(* Let $k\in\mathbb N$, $a=\pi/k$, $\alpha,\beta\in\{0,1\}$, $q\in L_2(0,\pi)$, and let $W_{\alpha,\beta}=\frac{(-1)^{\alpha\beta}}{2}Q^{-1}A_{\alpha,\beta}Rq$ (notation in the context). In the non-degenerate case the following hold for a.e. $x\in(0,a)$: (iv) if $\alpha=0$, $\beta=1$: $q(x)=W_{0,1}(x)+\sum_{j=1}^{(k-1)/2}\big(W_{0,1}(2ja+x)-W_{0,1}(2ja-x)\big)$ when $k$ is odd, and $q(x)=\sum_{j=1}^{k/2}\big(W_{0,1}((2j-1)a+x)-W_{0,1}((2j-1)a-x)\big)$ when $k$ is even; (v) if $\alpha=1$, $\beta=0$ and $k$ is even: $q(x)=\sum_{j=1}^{k/2}(-1)^j\big(W_{1,0}((k+1-2j)a-x)+W_{1,0}((k+1-2j)a+x)\big)$; (vi) if $\alpha=\beta=1$ and $k$ is odd: $q(x)=(-1)^{\frac{k+1}2}\Big(W_{1,1}(x)+\sum_{j=1}^{(k-1)/2}(-1)^j\big(W_{1,1}(2ja+x)+W_{1,1}(2ja-x)\big)\Big)$.
   Context: For $f\in L_2(0,\pi)$, $t\in(0,a)$, $m=1,\dots,k$: $R_mf(t)=f(t+(k-m)a)$ for odd $m$ and $R_mf(t)=f((k-m+1)a-t)$ for even $m$; $Q_mf(t)=f(t+(m-1)a)$ for odd $m$ and $Q_mf(t)=f(ma-t)$ for even $m$. The (invertible) operators $R,Q:L_2(0,\pi)\to(L_2(0,a))^k$ are $Rf=(R_1f,\dots,R_kf)^T$, $Qf=(Q_1f,\dots,Q_kf)^T$. Let $b=(-1)^{\alpha+\beta}$, $c=(-1)^{1+\beta}$. For $k>1$, $A_{\alpha,\beta}$ is the $k\times k$ tridiagonal matrix whose $(1,1)$ entry is $1$, whose $(k,k)$ entry is $c$, whose other diagonal entries are $0$, whose superdiagonal entries are all $b$ and whose subdiagonal entries are all $c$; for $k=1$, $A_{\alpha,\beta}=2(-1)^{\alpha(\beta+1)}\delta_{1,\beta}$. The non-degenerate case means one of: (iv) $\alpha=0,\beta=1$; (v) $\alpha=1,\beta=0$, $k$ even; (vi) $\alpha=\beta=1$, $k$ odd. *)

theory Defs
  imports "HOL-Analysis.Analysis"
begin

text \<open>Membership in L_2(0,pi) (functions are represented pointwise; a.e.-equivalence
  is handled by stating conclusions almost everywhere).\<close>
definition in_L2 :: "(real \<Rightarrow> complex) \<Rightarrow> real \<Rightarrow> real \<Rightarrow> bool" where
  "in_L2 f l u \<longleftrightarrow> f \<in> borel_measurable (lebesgue_on {l<..<u})
     \<and> integrable (lebesgue_on {l<..<u}) (\<lambda>x. (norm (f x))^2)"

definition stp :: "nat \<Rightarrow> real" where "stp k = pi / real k"

text \<open>Operator R: component m (1 \<le> m \<le> k), as a function on (0,a).\<close>
definition Rop :: "nat \<Rightarrow> (real \<Rightarrow> complex) \<Rightarrow> nat \<Rightarrow> real \<Rightarrow> complex" where
  "Rop k f m t = (if odd m then f (t + real (k - m) * stp k)
                   else f (real (k - m + 1) * stp k - t))"

text \<open>Operator Q: component m (1 \<le> m \<le> k), as a function on (0,a).\<close>
definition Qop :: "nat \<Rightarrow> (real \<Rightarrow> complex) \<Rightarrow> nat \<Rightarrow> real \<Rightarrow> complex" where
  "Qop k f m t = (if odd m then f (t + real (m - 1) * stp k)
                   else f (real m * stp k - t))"

text \<open>Inverse of Q: given g = (g_1,...,g_k) on (0,a), the function on (0,pi) whose
  restriction to ((m-1)a, ma) is determined by Q_m f = g_m
  (values at the points j*a are irrelevant, being a null set).\<close>
definition Qinv :: "nat \<Rightarrow> (nat \<Rightarrow> real \<Rightarrow> complex) \<Rightarrow> real \<Rightarrow> complex" where
  "Qinv k g x = (let m = nat \<lfloor>x / stp k\<rfloor> + 1 in
                  if odd m then g m (x - real (m - 1) * stp k)
                  else g m (real m * stp k - x))"

definition Amat :: "nat \<Rightarrow> nat \<Rightarrow> nat \<Rightarrow> nat \<Rightarrow> nat \<Rightarrow> complex" where
  "Amat \<alpha> \<beta> k i j =
    (let b = (-1::complex) ^ (\<alpha> + \<beta>); c = (-1::complex) ^ (1 + \<beta>) in
     if k = 1 then 2 * (-1) ^ (\<alpha> * (\<beta> + 1)) * (if \<beta> = 1 then 1 else 0)
     else if i = j then (if i = 1 then 1 else if i = k then c else 0)
     else if j = i + 1 then b
     else if i = j + 1 then c
     else 0)"

definition Aapp :: "nat \<Rightarrow> nat \<Rightarrow> nat \<Rightarrow> (nat \<Rightarrow> real \<Rightarrow> complex) \<Rightarrow> nat \<Rightarrow> real \<Rightarrow> complex" where
  "Aapp \<alpha> \<beta> k g i t = (\<Sum>j=1..k. Amat \<alpha> \<beta> k i j * g j t)"

definition Wfun :: "nat \<Rightarrow> nat \<Rightarrow> nat \<Rightarrow> (real \<Rightarrow> complex) \<Rightarrow> real \<Rightarrow> complex" where
  "Wfun \<alpha> \<beta> k q x = ((-1) ^ (\<alpha> * \<beta>) / 2) * Qinv k (Aapp \<alpha> \<beta> k (Rop k q)) x"

definition nondegenerate :: "nat \<Rightarrow> nat \<Rightarrow> nat \<Rightarrow> bool" where
  "nondegenerate \<alpha> \<beta> k \<longleftrightarrow> (\<alpha> = 0 \<and> \<beta> = 1) \<or> (\<alpha> = 1 \<and> \<beta> = 0 \<and> even k)
      \<or> (\<alpha> = 1 \<and> \<beta> = 1 \<and> odd k)"

end

theory Submission
  imports Defs
begin

text \<open>For \<open>0 < x < a\<close> the points \<open>m a + x\<close> and \<open>m a - x\<close> lie in the \<open>(m+1)\<close>-th and
  \<open>m\<close>-th cell of the partition of \<open>(0,\<pi>)\<close>, where \<open>Q\<^sup>-\<^sup>1\<close> reads off the corresponding
  component of \<open>A\<^sub>\<alpha>\<^sub>\<beta> R q\<close> at \<open>x\<close> or \<open>a - x\<close>, depending on the parity of \<open>m\<close>.
  Each right-hand side is therefore a fixed combination of rows of \<open>A\<^sub>\<alpha>\<^sub>\<beta>\<close> applied to
  \<open>R q\<close> at a single point. In the non-degenerate cases the tridiagonal structure makes this
  combination telescope to twice the last component, and \<open>(R q)\<^sub>k\<close> at that point is \<open>q x\<close>.
  The identities hold at every \<open>x \<in> (0,a)\<close>.\<close>

lemma stp_pos: "k \<ge> 1 \<Longrightarrow> stp k > 0"
  by (simp add: stp_def)

lemma Qinv_node_plus:
  assumes "k \<ge> 1" "0 < x" "x < stp k"
  shows "Qinv k g (real m * stp k + x) = g (Suc m) (if even m then x else stp k - x)"
proof -
  have node: "\<lfloor>(real m * stp k + x) / stp k\<rfloor> = int m"
    using assms stp_pos[OF assms(1)] by (simp add: floor_eq_iff field_simps)
  show ?thesis
    unfolding Qinv_def Let_def node by (auto simp: algebra_simps)
qed

lemma Qinv_node_minus:
  assumes "k \<ge> 1" "0 < x" "x < stp k" "m \<ge> 1"
  shows "Qinv k g (real m * stp k - x) = g m (if odd m then stp k - x else x)"
proof -
  have "(real m * stp k - x) / stp k = real (m - 1) + (1 - x / stp k)"
    using assms stp_pos[OF assms(1)] by (simp add: field_simps)
  then have node: "\<lfloor>(real m * stp k - x) / stp k\<rfloor> = int (m - 1)"
    using assms stp_pos[OF assms(1)] by (simp add: floor_eq_iff)
  have "nat (int (m - 1)) + 1 = m"
    using assms(4) by simp
  then show ?thesis
    unfolding Qinv_def Let_def node using assms(4) by (auto simp: algebra_simps of_nat_diff)
qed

lemma Wfun_node_plus:
  assumes "k \<ge> 1" "0 < x" "x < stp k"
  shows "Wfun \<alpha> \<beta> k q (real m * stp k + x) =
    (-1) ^ (\<alpha> * \<beta>) / 2 * Aapp \<alpha> \<beta> k (Rop k q) (Suc m) (if even m then x else stp k - x)"
  using Qinv_node_plus[OF assms] by (simp add: Wfun_def)

lemma Wfun_node_minus:
  assumes "k \<ge> 1" "0 < x" "x < stp k" "m \<ge> 1"
  shows "Wfun \<alpha> \<beta> k q (real m * stp k - x) =
    (-1) ^ (\<alpha> * \<beta>) / 2 * Aapp \<alpha> \<beta> k (Rop k q) m (if odd m then stp k - x else x)"
  using Qinv_node_minus[OF assms] by (simp add: Wfun_def)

** Exercise instructions **
Find the lines of the material that hold the word "points" and report their count alone.

** Response to the task **
2